- _WORK TO BE COMPLETED_:
Every line below that contains the word "take" must be copied.

- _DATA TO PROCESS_:

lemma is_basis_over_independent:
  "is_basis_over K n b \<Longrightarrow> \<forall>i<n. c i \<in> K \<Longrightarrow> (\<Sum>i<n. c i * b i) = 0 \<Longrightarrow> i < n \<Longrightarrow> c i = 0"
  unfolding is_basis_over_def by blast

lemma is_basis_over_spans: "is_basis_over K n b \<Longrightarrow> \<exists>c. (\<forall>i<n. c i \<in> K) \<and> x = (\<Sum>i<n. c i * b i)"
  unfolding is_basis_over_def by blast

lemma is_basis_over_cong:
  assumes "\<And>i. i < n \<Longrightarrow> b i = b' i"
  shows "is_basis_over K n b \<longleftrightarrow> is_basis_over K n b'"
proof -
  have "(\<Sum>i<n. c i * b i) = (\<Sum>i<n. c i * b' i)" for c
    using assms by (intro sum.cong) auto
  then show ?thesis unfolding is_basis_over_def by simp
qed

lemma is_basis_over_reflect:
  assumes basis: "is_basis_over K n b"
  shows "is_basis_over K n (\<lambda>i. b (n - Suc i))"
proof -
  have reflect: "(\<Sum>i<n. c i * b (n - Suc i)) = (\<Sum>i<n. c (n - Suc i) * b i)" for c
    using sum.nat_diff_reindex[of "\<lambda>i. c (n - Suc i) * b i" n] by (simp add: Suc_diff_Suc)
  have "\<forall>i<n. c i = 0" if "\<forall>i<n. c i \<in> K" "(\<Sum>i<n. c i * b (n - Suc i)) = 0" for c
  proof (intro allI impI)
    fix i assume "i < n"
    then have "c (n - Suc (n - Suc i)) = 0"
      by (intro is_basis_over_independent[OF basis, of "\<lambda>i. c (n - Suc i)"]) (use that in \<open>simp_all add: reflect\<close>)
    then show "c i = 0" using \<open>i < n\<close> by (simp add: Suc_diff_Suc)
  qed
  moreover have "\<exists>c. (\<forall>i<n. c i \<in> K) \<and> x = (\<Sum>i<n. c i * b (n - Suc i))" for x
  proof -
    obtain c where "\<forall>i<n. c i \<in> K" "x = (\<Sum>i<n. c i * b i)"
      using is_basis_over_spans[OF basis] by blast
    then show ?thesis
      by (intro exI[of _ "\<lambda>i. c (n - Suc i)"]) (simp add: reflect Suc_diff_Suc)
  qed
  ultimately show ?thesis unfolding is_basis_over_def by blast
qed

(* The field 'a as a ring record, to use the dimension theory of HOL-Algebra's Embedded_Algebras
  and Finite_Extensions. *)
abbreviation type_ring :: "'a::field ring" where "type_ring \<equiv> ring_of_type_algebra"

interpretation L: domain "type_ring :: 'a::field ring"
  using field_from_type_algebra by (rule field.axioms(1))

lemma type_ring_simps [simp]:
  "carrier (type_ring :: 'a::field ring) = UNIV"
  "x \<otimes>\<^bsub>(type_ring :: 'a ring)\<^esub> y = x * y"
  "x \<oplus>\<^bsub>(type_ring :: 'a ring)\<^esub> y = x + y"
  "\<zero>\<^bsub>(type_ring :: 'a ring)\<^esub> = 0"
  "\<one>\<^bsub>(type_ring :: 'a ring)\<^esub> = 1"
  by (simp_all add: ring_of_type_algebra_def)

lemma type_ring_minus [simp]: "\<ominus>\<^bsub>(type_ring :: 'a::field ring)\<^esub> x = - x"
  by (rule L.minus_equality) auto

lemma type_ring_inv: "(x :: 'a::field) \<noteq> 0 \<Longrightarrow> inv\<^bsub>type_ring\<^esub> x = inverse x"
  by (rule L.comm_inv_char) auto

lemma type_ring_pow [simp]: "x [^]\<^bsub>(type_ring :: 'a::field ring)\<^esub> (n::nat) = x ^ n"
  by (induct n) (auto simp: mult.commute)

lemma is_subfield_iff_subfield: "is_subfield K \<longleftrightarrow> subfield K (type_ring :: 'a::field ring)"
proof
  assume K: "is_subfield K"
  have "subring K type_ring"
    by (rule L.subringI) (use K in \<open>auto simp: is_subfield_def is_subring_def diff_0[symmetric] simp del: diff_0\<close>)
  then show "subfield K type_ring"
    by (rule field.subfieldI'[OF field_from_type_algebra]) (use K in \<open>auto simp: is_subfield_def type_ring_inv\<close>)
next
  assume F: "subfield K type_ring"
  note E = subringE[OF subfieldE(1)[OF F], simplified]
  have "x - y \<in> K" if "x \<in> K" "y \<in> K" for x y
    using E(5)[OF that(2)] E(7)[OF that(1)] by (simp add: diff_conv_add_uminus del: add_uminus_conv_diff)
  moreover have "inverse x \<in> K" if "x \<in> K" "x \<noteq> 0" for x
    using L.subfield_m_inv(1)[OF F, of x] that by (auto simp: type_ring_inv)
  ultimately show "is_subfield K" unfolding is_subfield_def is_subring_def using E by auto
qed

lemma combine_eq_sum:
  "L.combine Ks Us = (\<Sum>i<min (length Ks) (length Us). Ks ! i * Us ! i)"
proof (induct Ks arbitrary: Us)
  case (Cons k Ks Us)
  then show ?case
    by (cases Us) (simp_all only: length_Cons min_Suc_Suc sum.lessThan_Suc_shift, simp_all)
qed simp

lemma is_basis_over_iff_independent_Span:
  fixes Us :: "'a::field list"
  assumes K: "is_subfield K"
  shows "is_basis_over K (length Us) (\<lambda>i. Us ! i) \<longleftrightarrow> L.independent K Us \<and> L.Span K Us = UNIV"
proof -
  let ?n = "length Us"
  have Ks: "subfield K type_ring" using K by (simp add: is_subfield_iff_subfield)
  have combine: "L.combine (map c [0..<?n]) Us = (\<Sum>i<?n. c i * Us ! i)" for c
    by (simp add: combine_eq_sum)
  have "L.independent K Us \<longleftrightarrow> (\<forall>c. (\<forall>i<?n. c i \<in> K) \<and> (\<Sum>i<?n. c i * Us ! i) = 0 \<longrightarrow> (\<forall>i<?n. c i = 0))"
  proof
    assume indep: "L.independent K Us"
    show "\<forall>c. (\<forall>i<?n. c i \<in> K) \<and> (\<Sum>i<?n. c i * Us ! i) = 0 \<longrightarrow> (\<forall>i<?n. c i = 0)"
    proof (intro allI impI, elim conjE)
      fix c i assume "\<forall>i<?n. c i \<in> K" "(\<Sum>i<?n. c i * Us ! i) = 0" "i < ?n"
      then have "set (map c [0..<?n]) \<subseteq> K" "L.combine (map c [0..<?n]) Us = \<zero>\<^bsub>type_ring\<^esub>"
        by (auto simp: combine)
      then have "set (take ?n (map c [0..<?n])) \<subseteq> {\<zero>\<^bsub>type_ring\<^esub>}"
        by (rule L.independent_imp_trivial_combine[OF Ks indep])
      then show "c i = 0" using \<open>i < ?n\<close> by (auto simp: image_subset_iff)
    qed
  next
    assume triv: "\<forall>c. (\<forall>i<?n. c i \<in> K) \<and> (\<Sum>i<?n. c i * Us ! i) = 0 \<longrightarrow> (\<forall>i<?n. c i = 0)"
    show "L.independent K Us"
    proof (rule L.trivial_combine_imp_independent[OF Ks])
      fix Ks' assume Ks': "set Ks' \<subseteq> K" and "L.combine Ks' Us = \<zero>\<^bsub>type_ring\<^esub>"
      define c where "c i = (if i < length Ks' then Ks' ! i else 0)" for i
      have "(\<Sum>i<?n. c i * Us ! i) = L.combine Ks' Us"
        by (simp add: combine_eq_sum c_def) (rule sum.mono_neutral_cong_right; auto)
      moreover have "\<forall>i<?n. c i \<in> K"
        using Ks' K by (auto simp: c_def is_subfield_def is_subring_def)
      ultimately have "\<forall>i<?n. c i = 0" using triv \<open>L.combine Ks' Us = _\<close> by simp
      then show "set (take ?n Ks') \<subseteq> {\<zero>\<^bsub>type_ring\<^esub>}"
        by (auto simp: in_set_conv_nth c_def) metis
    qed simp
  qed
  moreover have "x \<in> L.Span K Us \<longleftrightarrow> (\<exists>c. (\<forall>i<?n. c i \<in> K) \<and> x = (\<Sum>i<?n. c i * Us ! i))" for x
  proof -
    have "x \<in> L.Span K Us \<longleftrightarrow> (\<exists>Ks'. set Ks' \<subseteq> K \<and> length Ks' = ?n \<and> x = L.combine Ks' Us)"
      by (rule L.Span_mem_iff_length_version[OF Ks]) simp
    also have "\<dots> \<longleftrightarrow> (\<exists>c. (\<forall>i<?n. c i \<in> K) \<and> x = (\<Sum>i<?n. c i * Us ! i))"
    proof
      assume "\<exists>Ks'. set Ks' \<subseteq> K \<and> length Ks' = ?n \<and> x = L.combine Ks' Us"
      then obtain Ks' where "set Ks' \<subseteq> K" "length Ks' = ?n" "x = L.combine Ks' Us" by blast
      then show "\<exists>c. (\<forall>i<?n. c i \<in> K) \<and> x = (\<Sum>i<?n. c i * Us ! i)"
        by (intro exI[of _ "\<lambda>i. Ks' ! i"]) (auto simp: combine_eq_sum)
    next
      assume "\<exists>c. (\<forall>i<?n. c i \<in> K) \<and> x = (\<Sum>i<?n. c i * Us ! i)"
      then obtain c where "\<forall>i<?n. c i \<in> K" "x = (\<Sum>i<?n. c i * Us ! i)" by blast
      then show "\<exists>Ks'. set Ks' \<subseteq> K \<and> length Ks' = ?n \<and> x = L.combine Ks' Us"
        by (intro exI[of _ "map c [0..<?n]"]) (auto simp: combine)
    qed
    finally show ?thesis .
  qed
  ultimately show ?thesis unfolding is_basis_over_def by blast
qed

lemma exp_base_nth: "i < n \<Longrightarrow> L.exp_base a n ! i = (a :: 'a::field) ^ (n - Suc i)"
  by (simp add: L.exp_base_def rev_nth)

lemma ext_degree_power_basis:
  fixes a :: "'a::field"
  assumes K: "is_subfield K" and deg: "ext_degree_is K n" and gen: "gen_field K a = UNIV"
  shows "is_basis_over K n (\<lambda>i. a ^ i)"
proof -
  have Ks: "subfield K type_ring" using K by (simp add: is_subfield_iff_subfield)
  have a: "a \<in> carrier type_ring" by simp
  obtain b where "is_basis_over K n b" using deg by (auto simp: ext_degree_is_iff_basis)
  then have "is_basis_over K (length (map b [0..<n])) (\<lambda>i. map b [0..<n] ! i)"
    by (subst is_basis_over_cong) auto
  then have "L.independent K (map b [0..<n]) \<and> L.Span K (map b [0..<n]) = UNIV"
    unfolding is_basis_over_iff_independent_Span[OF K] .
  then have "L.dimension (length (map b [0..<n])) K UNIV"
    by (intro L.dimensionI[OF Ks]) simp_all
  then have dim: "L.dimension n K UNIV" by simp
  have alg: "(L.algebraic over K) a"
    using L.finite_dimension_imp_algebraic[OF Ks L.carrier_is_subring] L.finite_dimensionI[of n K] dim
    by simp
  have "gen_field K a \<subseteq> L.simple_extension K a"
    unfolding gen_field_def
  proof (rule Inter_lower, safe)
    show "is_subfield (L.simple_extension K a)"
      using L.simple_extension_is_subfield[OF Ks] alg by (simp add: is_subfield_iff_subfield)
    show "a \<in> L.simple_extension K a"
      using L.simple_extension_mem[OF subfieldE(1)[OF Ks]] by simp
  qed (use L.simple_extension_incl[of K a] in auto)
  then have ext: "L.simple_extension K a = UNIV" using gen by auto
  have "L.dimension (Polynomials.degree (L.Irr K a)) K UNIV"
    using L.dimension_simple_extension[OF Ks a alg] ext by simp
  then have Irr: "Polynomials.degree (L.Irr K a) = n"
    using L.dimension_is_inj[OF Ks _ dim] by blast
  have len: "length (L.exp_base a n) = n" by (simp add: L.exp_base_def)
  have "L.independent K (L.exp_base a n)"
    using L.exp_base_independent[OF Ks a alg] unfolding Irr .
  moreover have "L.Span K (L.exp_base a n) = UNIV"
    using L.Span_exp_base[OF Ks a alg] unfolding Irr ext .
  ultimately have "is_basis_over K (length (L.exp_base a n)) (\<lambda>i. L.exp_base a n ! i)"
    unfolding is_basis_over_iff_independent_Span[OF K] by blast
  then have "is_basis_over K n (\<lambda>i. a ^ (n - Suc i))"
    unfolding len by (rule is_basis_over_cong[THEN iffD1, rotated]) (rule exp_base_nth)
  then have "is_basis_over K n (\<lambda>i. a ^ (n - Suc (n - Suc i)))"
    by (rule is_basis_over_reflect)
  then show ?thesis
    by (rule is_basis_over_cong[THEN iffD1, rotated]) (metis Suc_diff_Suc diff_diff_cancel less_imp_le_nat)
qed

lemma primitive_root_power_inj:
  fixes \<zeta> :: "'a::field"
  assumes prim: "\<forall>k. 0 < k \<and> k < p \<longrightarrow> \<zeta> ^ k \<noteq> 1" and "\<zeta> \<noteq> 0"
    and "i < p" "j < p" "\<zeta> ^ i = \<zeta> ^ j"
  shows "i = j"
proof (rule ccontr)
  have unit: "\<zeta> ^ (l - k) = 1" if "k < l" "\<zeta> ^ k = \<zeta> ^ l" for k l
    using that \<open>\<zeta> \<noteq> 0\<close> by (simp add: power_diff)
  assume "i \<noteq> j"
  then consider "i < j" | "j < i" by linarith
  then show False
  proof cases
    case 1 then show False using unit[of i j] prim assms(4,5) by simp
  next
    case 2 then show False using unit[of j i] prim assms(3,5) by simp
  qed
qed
==
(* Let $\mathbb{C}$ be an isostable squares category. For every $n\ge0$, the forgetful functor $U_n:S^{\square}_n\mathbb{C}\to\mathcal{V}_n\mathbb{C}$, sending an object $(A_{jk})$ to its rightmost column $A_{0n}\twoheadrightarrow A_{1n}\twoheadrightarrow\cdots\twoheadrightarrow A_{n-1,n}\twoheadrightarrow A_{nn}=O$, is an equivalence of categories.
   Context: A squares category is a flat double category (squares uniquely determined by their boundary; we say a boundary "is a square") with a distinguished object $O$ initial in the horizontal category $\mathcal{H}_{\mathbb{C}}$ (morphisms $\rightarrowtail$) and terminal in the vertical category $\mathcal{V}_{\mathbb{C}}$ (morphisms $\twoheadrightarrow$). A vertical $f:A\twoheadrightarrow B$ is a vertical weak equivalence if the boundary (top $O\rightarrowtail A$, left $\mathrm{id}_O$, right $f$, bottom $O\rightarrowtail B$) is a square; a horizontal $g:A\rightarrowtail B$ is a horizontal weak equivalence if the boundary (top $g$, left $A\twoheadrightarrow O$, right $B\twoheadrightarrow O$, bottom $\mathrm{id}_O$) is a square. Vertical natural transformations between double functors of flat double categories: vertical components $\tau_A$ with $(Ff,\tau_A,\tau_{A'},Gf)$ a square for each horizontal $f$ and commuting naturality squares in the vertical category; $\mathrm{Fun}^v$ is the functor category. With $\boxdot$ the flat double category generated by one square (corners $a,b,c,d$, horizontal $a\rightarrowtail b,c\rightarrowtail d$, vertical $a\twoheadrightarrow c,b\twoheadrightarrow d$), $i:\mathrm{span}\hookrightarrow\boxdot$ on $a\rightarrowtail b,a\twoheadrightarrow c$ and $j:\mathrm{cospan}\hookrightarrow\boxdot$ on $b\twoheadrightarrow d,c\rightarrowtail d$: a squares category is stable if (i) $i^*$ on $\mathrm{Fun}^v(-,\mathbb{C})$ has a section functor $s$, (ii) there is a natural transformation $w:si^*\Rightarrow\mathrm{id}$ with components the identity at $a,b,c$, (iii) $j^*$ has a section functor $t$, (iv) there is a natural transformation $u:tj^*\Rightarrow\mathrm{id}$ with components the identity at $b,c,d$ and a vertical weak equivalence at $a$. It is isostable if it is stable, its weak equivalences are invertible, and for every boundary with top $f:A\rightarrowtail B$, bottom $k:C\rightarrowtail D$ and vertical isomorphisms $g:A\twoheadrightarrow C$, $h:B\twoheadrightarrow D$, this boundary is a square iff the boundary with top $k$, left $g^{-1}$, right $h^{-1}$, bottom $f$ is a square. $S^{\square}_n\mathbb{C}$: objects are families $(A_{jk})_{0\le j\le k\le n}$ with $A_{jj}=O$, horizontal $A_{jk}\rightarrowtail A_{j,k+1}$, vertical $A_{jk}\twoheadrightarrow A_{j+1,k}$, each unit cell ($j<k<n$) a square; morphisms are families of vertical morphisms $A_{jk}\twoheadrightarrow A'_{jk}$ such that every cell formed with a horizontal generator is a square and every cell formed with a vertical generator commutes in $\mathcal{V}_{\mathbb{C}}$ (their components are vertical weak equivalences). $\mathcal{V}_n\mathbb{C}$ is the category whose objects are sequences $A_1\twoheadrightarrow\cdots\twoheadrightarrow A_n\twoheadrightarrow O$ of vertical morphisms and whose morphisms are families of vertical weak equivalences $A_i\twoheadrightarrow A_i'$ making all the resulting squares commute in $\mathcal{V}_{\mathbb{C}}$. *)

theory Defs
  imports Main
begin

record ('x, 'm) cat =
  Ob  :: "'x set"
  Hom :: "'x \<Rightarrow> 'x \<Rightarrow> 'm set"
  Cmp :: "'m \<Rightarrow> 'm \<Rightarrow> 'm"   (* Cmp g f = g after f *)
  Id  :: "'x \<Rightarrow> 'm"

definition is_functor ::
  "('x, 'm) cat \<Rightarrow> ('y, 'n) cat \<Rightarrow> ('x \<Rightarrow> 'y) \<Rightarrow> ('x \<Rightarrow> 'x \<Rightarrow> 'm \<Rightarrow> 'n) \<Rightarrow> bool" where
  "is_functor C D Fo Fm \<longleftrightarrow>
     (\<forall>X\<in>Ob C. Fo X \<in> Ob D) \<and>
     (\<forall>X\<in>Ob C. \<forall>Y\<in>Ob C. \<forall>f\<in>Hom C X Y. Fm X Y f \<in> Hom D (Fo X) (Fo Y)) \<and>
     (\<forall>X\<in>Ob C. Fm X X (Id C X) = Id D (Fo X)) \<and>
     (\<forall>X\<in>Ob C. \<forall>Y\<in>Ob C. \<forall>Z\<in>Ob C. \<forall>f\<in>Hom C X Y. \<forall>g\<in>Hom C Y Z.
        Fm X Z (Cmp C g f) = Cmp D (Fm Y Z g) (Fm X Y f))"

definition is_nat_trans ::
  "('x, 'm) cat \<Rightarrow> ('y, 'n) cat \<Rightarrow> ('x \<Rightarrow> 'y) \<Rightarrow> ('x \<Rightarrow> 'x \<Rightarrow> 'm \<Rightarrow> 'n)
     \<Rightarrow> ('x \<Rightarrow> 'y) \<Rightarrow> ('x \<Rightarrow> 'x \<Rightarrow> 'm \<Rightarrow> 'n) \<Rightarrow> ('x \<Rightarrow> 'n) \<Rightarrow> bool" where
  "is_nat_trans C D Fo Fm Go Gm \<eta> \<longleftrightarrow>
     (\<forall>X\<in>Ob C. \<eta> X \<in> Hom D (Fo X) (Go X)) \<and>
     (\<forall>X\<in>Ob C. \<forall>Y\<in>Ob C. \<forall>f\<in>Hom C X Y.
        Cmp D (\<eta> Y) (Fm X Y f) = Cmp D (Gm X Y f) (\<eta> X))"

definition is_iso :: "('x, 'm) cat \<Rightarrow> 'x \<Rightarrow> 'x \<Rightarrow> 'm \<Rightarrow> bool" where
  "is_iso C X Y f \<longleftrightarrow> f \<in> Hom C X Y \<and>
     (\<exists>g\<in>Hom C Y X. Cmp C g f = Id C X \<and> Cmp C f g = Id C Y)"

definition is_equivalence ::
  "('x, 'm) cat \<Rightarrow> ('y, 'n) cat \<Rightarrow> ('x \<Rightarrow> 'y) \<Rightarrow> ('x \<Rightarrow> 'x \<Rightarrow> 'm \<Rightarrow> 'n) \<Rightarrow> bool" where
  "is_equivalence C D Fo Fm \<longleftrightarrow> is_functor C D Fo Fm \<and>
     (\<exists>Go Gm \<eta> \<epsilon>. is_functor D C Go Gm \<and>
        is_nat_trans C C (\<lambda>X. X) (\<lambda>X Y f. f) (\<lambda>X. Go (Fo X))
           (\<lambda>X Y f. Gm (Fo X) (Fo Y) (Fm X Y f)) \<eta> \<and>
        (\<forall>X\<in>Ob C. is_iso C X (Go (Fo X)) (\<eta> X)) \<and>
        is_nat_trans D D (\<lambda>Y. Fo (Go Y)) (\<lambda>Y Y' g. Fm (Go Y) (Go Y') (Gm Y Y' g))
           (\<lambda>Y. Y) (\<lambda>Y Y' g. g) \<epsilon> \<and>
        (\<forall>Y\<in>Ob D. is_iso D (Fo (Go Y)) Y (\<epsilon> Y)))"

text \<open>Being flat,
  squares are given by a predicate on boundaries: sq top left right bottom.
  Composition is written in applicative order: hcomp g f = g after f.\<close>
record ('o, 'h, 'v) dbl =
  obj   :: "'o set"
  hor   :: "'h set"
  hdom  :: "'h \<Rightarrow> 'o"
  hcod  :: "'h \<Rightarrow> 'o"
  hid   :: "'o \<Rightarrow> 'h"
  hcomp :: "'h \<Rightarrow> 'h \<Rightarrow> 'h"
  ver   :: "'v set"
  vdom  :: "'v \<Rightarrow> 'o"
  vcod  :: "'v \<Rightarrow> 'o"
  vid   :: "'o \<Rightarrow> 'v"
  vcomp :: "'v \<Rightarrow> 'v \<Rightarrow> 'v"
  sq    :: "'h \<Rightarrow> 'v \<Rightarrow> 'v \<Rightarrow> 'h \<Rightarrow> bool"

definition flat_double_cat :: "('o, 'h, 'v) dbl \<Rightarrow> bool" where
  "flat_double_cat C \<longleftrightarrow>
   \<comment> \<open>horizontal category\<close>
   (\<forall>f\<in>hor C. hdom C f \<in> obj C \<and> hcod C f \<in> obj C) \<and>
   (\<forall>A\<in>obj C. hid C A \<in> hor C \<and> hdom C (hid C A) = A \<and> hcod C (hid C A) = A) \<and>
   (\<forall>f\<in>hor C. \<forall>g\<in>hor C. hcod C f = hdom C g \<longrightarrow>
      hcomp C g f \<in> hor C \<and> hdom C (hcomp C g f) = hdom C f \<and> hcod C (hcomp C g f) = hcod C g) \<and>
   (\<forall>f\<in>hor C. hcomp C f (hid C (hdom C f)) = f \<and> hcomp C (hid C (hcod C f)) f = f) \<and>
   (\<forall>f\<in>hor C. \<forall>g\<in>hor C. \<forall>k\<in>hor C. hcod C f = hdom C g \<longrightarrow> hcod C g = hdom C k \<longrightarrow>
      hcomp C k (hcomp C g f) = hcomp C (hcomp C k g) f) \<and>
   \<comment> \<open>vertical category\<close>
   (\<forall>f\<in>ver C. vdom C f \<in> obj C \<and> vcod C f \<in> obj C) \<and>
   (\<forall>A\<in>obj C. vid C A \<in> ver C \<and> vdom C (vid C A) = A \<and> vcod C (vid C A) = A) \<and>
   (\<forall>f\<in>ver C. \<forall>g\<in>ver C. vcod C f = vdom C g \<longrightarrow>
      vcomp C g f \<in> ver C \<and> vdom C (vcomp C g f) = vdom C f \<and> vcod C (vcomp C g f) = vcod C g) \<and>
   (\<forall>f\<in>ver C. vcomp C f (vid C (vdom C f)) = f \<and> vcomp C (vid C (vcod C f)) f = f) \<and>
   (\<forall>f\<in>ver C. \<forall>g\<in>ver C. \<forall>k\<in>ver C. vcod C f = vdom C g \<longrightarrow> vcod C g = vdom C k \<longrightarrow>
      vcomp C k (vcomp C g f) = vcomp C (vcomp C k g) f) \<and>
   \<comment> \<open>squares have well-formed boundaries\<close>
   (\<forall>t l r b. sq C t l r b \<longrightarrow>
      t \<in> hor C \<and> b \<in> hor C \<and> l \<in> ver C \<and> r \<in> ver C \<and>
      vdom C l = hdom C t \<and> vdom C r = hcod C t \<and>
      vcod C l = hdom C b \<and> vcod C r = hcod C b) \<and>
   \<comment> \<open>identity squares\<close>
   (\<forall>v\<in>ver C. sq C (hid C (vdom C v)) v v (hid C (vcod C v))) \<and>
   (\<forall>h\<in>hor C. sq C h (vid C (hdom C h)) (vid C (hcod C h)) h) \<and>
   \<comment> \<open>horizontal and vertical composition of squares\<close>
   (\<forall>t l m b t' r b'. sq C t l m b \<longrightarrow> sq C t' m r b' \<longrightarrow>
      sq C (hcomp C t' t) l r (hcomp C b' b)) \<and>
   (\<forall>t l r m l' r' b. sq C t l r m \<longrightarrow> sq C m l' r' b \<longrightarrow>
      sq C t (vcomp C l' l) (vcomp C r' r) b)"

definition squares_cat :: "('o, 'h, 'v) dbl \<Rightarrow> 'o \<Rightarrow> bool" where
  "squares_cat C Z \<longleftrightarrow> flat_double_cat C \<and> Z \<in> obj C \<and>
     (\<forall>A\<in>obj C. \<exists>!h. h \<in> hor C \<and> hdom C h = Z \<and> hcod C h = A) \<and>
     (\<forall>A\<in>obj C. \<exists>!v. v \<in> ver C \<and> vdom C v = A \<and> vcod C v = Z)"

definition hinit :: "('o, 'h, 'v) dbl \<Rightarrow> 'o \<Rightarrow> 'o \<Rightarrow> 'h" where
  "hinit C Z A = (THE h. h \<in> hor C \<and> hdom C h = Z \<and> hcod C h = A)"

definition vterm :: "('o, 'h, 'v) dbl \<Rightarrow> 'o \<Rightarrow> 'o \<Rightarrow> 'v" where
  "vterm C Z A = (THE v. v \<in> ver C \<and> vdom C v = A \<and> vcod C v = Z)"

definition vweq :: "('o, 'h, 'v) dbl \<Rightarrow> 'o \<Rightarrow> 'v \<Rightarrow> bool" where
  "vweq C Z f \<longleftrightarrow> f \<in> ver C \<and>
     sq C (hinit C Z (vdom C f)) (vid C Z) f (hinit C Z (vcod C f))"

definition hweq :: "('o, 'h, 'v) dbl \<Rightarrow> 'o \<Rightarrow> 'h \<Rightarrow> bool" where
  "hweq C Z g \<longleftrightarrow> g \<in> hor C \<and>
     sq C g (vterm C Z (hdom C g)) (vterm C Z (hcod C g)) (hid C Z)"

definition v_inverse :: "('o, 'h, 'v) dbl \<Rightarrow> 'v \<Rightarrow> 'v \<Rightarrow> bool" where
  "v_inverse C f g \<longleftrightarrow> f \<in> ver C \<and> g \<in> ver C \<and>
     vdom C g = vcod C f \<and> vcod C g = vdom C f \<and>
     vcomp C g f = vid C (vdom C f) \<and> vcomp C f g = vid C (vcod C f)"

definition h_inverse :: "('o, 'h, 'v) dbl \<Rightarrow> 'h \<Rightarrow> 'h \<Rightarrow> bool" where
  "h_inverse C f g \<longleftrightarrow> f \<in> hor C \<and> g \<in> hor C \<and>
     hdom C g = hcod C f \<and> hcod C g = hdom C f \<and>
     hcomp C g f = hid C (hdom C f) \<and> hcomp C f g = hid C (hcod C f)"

- _ANSWER TO THIS TASK_:
      then have "set (take ?n (map c [0..<?n])) \<subseteq> {\<zero>\<^bsub>type_ring\<^esub>}"
      then show "set (take ?n Ks') \<subseteq> {\<zero>\<^bsub>type_ring\<^esub>}"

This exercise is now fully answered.